● **What is being asked**:
Your task is to restate the data word for word.

● **Supplied material**:
------------------------------------------------------------
(* Let $n>2$, $1<k<n$, $G=H_B(n,k)$. For $h\ge 1$ let $d^{(h)}$ be the number of unordered pairs $\{u,v\}$ of vertices of $G$ with $d(u,v)=h$; let $d^{(2)}_{V_1}$ be the number of unordered pairs of vertices of $V_1$ at distance $2$, and $d^{(2)}_{V_2}$, $d^{(4)}_{V_2}$ the numbers of unordered pairs of vertices of $V_2$ at distance $2$ and $4$ respectively. Then (1) $d^{(1)}=\binom{n}{k}\left(\frac{3^k-3}{2}+2^{k-1}(3^{n-k}-1)\right)$; (2) $d^{(3)}=\binom{n}{k}\left(\frac{3^n-1}{2}-\binom{n}{k}-\frac{3^k-3}{2}-2^{k-1}(3^{n-k}-1)\right)$; (3) $d^{(2)}_{V_1}=\binom{\binom{n}{k}}{2}$; (4) $d^{(2)}_{V_2}+d^{(4)}_{V_2}=\binom{\frac{3^n-1}{2}-\binom{n}{k}}{2}$.
   Context: Fix integers $n\ge 2$ and $1\le k<n$ and positive real numbers $x_1<x_2<\dots<x_n$. Let $\mathscr{B}_n=\{\pm x_1,\pm x_2,\dots,\pm x_{n-1},x_n\}$ (so $-x_n\notin\mathscr{B}_n$). Let $\phi(\mathscr{B}_n)$ be the family of all nonempty subsets $S\subseteq\mathscr{B}_n$ whose elements have pairwise distinct absolute values and whose element of largest absolute value is positive. Let $\mathscr{B}_n^+=\{x_1,\dots,x_n\}$, let $V_1$ be the set of all $k$-element subsets of $\mathscr{B}_n^+$, and let $V_2=\phi(\mathscr{B}_n)\setminus V_1$. For $A\in\phi(\mathscr{B}_n)$ put $A^\dagger=\{|a|:a\in A\}$. The bipartite Kneser B type-$k$ graph $H_B(n,k)$ is the simple graph with vertex set $V_1\cup V_2$ in which $X\in V_1$ and $Y\in V_2$ are adjacent if and only if $X\subseteq Y^\dagger$ or $Y^\dagger\subseteq X$, and there are no other edges. $d(u,v)$ denotes graph distance. *)

theory Defs
  imports Main Complex_Main
begin

definition Bn :: "nat \<Rightarrow> (nat \<Rightarrow> real) \<Rightarrow> real set" where
  "Bn n x = {x i | i. 1 \<le> i \<and> i \<le> n} \<union> {- x i | i. 1 \<le> i \<and> i \<le> n - 1}"

definition Bn_plus :: "nat \<Rightarrow> (nat \<Rightarrow> real) \<Rightarrow> real set" where
  "Bn_plus n x = {x i | i. 1 \<le> i \<and> i \<le> n}"

definition phiB :: "nat \<Rightarrow> (nat \<Rightarrow> real) \<Rightarrow> real set set" where
  "phiB n x = {S. S \<noteq> {} \<and> S \<subseteq> Bn n x \<and> inj_on abs S \<and>
      (\<exists>a\<in>S. 0 < a \<and> (\<forall>b\<in>S. \<bar>b\<bar> \<le> \<bar>a\<bar>))}"

definition V1 :: "nat \<Rightarrow> nat \<Rightarrow> (nat \<Rightarrow> real) \<Rightarrow> real set set" where
  "V1 n k x = {S. S \<subseteq> Bn_plus n x \<and> card S = k}"

definition V2 :: "nat \<Rightarrow> nat \<Rightarrow> (nat \<Rightarrow> real) \<Rightarrow> real set set" where
  "V2 n k x = phiB n x - V1 n k x"

definition HB_verts :: "nat \<Rightarrow> nat \<Rightarrow> (nat \<Rightarrow> real) \<Rightarrow> real set set" where
  "HB_verts n k x = V1 n k x \<union> V2 n k x"

definition HB_adj :: "nat \<Rightarrow> nat \<Rightarrow> (nat \<Rightarrow> real) \<Rightarrow> real set \<Rightarrow> real set \<Rightarrow> bool" where
  "HB_adj n k x u v \<longleftrightarrow>
     (u \<in> V1 n k x \<and> v \<in> V2 n k x \<and> (u \<subseteq> abs ` v \<or> abs ` v \<subseteq> u)) \<or>
     (v \<in> V1 n k x \<and> u \<in> V2 n k x \<and> (v \<subseteq> abs ` u \<or> abs ` u \<subseteq> v))"

definition HB_edges :: "nat \<Rightarrow> nat \<Rightarrow> (nat \<Rightarrow> real) \<Rightarrow> (real set \<times> real set) set" where
  "HB_edges n k x = {(u, v). HB_adj n k x u v}"

definition HB_dist_eq :: "nat \<Rightarrow> nat \<Rightarrow> (nat \<Rightarrow> real) \<Rightarrow> real set \<Rightarrow> real set \<Rightarrow> nat \<Rightarrow> bool" where
  "HB_dist_eq n k x u v h \<longleftrightarrow>
     (u, v) \<in> (HB_edges n k x) ^^ h \<and> (\<forall>m<h. (u, v) \<notin> (HB_edges n k x) ^^ m)"

definition pairs_at_dist :: "nat \<Rightarrow> nat \<Rightarrow> (nat \<Rightarrow> real) \<Rightarrow> real set set \<Rightarrow> nat \<Rightarrow> nat" where
  "pairs_at_dist n k x W h =
     card {{u, v} | u v. u \<in> W \<and> v \<in> W \<and> u \<noteq> v \<and> HB_dist_eq n k x u v h}"

end

theory Submission
  imports Defs "HOL-Library.FuncSet"
begin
------------------------------------------------------------
● **Response box**:
(* Let $n>2$, $1<k<n$, $G=H_B(n,k)$. For $h\ge 1$ let $d^{(h)}$ be the number of unordered pairs $\{u,v\}$ of vertices of $G$ with $d(u,v)=h$; let $d^{(2)}_{V_1}$ be the number of unordered pairs of vertices of $V_1$ at distance $2$, and $d^{(2)}_{V_2}$, $d^{(4)}_{V_2}$ the numbers of unordered pairs of vertices of $V_2$ at distance $2$ and $4$ respectively. Then (1) $d^{(1)}=\binom{n}{k}\left(\frac{3^k-3}{2}+2^{k-1}(3^{n-k}-1)\right)$; (2) $d^{(3)}=\binom{n}{k}\left(\frac{3^n-1}{2}-\binom{n}{k}-\frac{3^k-3}{2}-2^{k-1}(3^{n-k}-1)\right)$; (3) $d^{(2)}_{V_1}=\binom{\binom{n}{k}}{2}$; (4) $d^{(2)}_{V_2}+d^{(4)}_{V_2}=\binom{\frac{3^n-1}{2}-\binom{n}{k}}{2}$.
   Context: Fix integers $n\ge 2$ and $1\le k<n$ and positive real numbers $x_1<x_2<\dots<x_n$. Let $\mathscr{B}_n=\{\pm x_1,\pm x_2,\dots,\pm x_{n-1},x_n\}$ (so $-x_n\notin\mathscr{B}_n$). Let $\phi(\mathscr{B}_n)$ be the family of all nonempty subsets $S\subseteq\mathscr{B}_n$ whose elements have pairwise distinct absolute values and whose element of largest absolute value is positive. Let $\mathscr{B}_n^+=\{x_1,\dots,x_n\}$, let $V_1$ be the set of all $k$-element subsets of $\mathscr{B}_n^+$, and let $V_2=\phi(\mathscr{B}_n)\setminus V_1$. For $A\in\phi(\mathscr{B}_n)$ put $A^\dagger=\{|a|:a\in A\}$. The bipartite Kneser B type-$k$ graph $H_B(n,k)$ is the simple graph with vertex set $V_1\cup V_2$ in which $X\in V_1$ and $Y\in V_2$ are adjacent if and only if $X\subseteq Y^\dagger$ or $Y^\dagger\subseteq X$, and there are no other edges. $d(u,v)$ denotes graph distance. *)

theory Defs
  imports Main Complex_Main
begin

definition Bn :: "nat \<Rightarrow> (nat \<Rightarrow> real) \<Rightarrow> real set" where
  "Bn n x = {x i | i. 1 \<le> i \<and> i \<le> n} \<union> {- x i | i. 1 \<le> i \<and> i \<le> n - 1}"

definition Bn_plus :: "nat \<Rightarrow> (nat \<Rightarrow> real) \<Rightarrow> real set" where
  "Bn_plus n x = {x i | i. 1 \<le> i \<and> i \<le> n}"

definition phiB :: "nat \<Rightarrow> (nat \<Rightarrow> real) \<Rightarrow> real set set" where
  "phiB n x = {S. S \<noteq> {} \<and> S \<subseteq> Bn n x \<and> inj_on abs S \<and>
      (\<exists>a\<in>S. 0 < a \<and> (\<forall>b\<in>S. \<bar>b\<bar> \<le> \<bar>a\<bar>))}"

definition V1 :: "nat \<Rightarrow> nat \<Rightarrow> (nat \<Rightarrow> real) \<Rightarrow> real set set" where
  "V1 n k x = {S. S \<subseteq> Bn_plus n x \<and> card S = k}"

definition V2 :: "nat \<Rightarrow> nat \<Rightarrow> (nat \<Rightarrow> real) \<Rightarrow> real set set" where
  "V2 n k x = phiB n x - V1 n k x"

definition HB_verts :: "nat \<Rightarrow> nat \<Rightarrow> (nat \<Rightarrow> real) \<Rightarrow> real set set" where
  "HB_verts n k x = V1 n k x \<union> V2 n k x"

definition HB_adj :: "nat \<Rightarrow> nat \<Rightarrow> (nat \<Rightarrow> real) \<Rightarrow> real set \<Rightarrow> real set \<Rightarrow> bool" where
  "HB_adj n k x u v \<longleftrightarrow>
     (u \<in> V1 n k x \<and> v \<in> V2 n k x \<and> (u \<subseteq> abs ` v \<or> abs ` v \<subseteq> u)) \<or>
     (v \<in> V1 n k x \<and> u \<in> V2 n k x \<and> (v \<subseteq> abs ` u \<or> abs ` u \<subseteq> v))"

definition HB_edges :: "nat \<Rightarrow> nat \<Rightarrow> (nat \<Rightarrow> real) \<Rightarrow> (real set \<times> real set) set" where
  "HB_edges n k x = {(u, v). HB_adj n k x u v}"

definition HB_dist_eq :: "nat \<Rightarrow> nat \<Rightarrow> (nat \<Rightarrow> real) \<Rightarrow> real set \<Rightarrow> real set \<Rightarrow> nat \<Rightarrow> bool" where
  "HB_dist_eq n k x u v h \<longleftrightarrow>
     (u, v) \<in> (HB_edges n k x) ^^ h \<and> (\<forall>m<h. (u, v) \<notin> (HB_edges n k x) ^^ m)"

definition pairs_at_dist :: "nat \<Rightarrow> nat \<Rightarrow> (nat \<Rightarrow> real) \<Rightarrow> real set set \<Rightarrow> nat \<Rightarrow> nat" where
  "pairs_at_dist n k x W h =
     card {{u, v} | u v. u \<in> W \<and> v \<in> W \<and> u \<noteq> v \<and> HB_dist_eq n k x u v h}"

end

theory Submission
  imports Defs "HOL-Library.FuncSet"
begin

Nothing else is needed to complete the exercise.